__Input data__
——
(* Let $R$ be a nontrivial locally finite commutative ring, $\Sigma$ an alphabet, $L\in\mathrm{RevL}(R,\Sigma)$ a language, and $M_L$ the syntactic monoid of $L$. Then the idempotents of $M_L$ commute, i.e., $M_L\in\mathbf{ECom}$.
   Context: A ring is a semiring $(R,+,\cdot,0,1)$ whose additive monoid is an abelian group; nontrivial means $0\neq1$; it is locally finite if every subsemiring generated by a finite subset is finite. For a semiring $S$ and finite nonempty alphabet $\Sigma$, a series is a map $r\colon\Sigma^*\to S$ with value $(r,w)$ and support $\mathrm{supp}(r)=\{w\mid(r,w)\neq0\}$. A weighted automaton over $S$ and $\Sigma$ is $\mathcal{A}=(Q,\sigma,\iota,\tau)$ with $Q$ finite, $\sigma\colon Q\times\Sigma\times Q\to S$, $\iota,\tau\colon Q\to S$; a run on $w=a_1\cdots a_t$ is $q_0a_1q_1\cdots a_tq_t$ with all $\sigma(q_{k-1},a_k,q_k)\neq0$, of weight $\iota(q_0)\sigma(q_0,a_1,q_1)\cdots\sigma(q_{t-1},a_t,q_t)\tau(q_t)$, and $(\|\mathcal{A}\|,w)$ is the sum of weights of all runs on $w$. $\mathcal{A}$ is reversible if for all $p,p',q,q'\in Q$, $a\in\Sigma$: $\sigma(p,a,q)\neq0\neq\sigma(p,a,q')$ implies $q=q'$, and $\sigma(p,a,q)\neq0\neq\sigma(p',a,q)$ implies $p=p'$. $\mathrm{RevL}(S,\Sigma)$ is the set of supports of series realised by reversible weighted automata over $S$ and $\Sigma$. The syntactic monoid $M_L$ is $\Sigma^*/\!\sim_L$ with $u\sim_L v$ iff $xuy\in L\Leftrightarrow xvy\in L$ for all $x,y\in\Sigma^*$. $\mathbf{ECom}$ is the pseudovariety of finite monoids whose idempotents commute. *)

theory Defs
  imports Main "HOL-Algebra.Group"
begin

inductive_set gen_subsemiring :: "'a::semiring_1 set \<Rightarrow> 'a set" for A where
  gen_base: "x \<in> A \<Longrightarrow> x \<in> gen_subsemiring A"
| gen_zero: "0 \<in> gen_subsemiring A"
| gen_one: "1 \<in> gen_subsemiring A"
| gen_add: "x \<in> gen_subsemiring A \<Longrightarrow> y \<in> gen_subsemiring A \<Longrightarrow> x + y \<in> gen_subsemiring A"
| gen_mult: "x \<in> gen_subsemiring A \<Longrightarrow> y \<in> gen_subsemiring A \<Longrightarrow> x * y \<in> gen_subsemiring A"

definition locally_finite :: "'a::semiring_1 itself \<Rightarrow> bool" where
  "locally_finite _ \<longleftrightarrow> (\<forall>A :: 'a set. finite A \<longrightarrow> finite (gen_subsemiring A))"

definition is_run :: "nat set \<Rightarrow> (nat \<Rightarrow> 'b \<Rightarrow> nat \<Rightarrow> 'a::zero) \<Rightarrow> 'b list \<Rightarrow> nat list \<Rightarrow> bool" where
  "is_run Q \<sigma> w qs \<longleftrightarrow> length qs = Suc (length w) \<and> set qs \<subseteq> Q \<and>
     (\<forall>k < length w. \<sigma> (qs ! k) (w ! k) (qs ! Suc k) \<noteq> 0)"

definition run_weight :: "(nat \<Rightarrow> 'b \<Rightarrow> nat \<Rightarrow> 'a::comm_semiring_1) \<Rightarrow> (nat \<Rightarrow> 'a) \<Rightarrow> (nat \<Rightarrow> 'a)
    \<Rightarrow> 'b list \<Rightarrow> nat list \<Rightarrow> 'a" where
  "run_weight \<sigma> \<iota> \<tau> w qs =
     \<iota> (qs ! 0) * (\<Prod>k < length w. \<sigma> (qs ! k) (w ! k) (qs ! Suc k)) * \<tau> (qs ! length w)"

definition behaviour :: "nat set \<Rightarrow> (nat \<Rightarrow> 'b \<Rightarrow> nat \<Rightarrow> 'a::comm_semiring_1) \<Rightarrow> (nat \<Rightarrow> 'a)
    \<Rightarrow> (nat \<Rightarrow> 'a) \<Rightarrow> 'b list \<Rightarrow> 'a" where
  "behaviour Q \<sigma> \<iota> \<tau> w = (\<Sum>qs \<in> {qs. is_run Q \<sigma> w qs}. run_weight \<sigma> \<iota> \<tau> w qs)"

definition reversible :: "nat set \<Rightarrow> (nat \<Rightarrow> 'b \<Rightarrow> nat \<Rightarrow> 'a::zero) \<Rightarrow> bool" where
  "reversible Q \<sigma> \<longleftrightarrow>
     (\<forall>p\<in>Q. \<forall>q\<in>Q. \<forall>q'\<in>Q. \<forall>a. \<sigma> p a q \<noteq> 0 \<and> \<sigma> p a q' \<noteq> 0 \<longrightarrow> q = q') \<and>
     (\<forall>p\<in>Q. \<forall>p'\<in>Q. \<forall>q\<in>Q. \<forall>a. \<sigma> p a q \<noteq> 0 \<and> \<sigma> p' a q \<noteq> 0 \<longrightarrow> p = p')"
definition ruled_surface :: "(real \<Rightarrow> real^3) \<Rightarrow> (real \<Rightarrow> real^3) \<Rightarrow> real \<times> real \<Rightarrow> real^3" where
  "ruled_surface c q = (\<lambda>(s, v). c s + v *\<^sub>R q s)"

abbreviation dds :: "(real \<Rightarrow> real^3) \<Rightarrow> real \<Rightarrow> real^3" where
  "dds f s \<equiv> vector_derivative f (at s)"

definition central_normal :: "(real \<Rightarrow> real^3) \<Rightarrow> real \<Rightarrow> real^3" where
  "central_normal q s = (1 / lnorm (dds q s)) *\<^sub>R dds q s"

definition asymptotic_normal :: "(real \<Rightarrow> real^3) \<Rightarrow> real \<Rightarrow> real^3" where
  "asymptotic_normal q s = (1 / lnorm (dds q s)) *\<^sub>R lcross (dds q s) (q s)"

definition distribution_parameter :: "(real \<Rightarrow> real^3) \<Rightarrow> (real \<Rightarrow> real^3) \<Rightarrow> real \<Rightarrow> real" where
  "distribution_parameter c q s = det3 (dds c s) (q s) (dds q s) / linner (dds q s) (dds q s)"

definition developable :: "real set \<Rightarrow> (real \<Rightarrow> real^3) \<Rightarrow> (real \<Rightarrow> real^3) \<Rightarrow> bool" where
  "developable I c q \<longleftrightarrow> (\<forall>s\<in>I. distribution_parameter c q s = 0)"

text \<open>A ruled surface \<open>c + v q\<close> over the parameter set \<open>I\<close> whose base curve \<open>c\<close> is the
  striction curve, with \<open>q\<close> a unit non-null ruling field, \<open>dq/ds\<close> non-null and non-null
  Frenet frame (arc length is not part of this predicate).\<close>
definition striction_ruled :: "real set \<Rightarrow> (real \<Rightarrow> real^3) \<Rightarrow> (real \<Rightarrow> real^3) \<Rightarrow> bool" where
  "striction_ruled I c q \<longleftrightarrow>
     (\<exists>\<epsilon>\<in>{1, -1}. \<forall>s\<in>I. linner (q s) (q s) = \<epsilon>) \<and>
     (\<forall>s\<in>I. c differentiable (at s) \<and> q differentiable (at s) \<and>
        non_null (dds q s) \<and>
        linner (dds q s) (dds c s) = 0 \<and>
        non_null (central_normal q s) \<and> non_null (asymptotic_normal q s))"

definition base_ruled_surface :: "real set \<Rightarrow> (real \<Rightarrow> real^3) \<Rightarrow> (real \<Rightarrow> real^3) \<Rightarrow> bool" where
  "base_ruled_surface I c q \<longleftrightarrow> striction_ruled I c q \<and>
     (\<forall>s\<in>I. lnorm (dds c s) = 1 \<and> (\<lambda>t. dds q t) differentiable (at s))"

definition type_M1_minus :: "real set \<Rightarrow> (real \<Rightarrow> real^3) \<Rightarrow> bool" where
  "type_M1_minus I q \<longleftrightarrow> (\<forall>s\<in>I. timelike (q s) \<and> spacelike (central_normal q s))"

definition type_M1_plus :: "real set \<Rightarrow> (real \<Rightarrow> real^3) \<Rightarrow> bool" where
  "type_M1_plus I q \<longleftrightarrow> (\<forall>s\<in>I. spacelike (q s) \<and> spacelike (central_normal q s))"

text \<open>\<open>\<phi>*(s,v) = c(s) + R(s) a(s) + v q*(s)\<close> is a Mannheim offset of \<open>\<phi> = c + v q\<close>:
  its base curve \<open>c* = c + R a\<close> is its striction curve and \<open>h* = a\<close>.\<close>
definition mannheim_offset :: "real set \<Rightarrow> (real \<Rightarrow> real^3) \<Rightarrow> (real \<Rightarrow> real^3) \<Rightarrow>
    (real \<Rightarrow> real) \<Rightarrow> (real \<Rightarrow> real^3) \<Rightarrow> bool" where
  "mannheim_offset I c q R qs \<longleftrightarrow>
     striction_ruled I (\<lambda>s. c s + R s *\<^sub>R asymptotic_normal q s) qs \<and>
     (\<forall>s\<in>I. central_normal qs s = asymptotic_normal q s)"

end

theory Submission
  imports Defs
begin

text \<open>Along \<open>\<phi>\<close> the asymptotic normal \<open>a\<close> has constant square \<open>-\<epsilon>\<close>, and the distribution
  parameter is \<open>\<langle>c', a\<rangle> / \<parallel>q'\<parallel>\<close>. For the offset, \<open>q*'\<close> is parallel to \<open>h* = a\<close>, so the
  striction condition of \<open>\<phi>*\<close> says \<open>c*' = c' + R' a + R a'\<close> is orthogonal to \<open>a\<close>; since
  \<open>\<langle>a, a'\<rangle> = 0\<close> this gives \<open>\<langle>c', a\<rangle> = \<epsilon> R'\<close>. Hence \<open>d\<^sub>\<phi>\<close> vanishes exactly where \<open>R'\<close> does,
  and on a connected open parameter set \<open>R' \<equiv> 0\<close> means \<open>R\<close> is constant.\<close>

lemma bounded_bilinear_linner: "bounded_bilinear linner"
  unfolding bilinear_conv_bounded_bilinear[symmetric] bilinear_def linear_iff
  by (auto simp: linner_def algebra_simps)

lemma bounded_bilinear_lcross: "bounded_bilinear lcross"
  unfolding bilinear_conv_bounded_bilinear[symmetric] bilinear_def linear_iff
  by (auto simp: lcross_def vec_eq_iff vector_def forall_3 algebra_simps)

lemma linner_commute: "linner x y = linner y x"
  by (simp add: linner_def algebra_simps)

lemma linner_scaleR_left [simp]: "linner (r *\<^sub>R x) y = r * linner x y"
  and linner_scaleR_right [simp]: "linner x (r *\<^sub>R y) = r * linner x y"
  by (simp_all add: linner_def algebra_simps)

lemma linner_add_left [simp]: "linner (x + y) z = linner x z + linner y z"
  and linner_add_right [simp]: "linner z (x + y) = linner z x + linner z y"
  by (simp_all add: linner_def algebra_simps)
——
__Task brief__
Across the entries above, find the lines with the string "lambda" and copy them.

__Task result__
  "ruled_surface c q = (\<lambda>(s, v). c s + v *\<^sub>R q s)"
     (\<forall>s\<in>I. lnorm (dds c s) = 1 \<and> (\<lambda>t. dds q t) differentiable (at s))"
     striction_ruled I (\<lambda>s. c s + R s *\<^sub>R asymptotic_normal q s) qs \<and>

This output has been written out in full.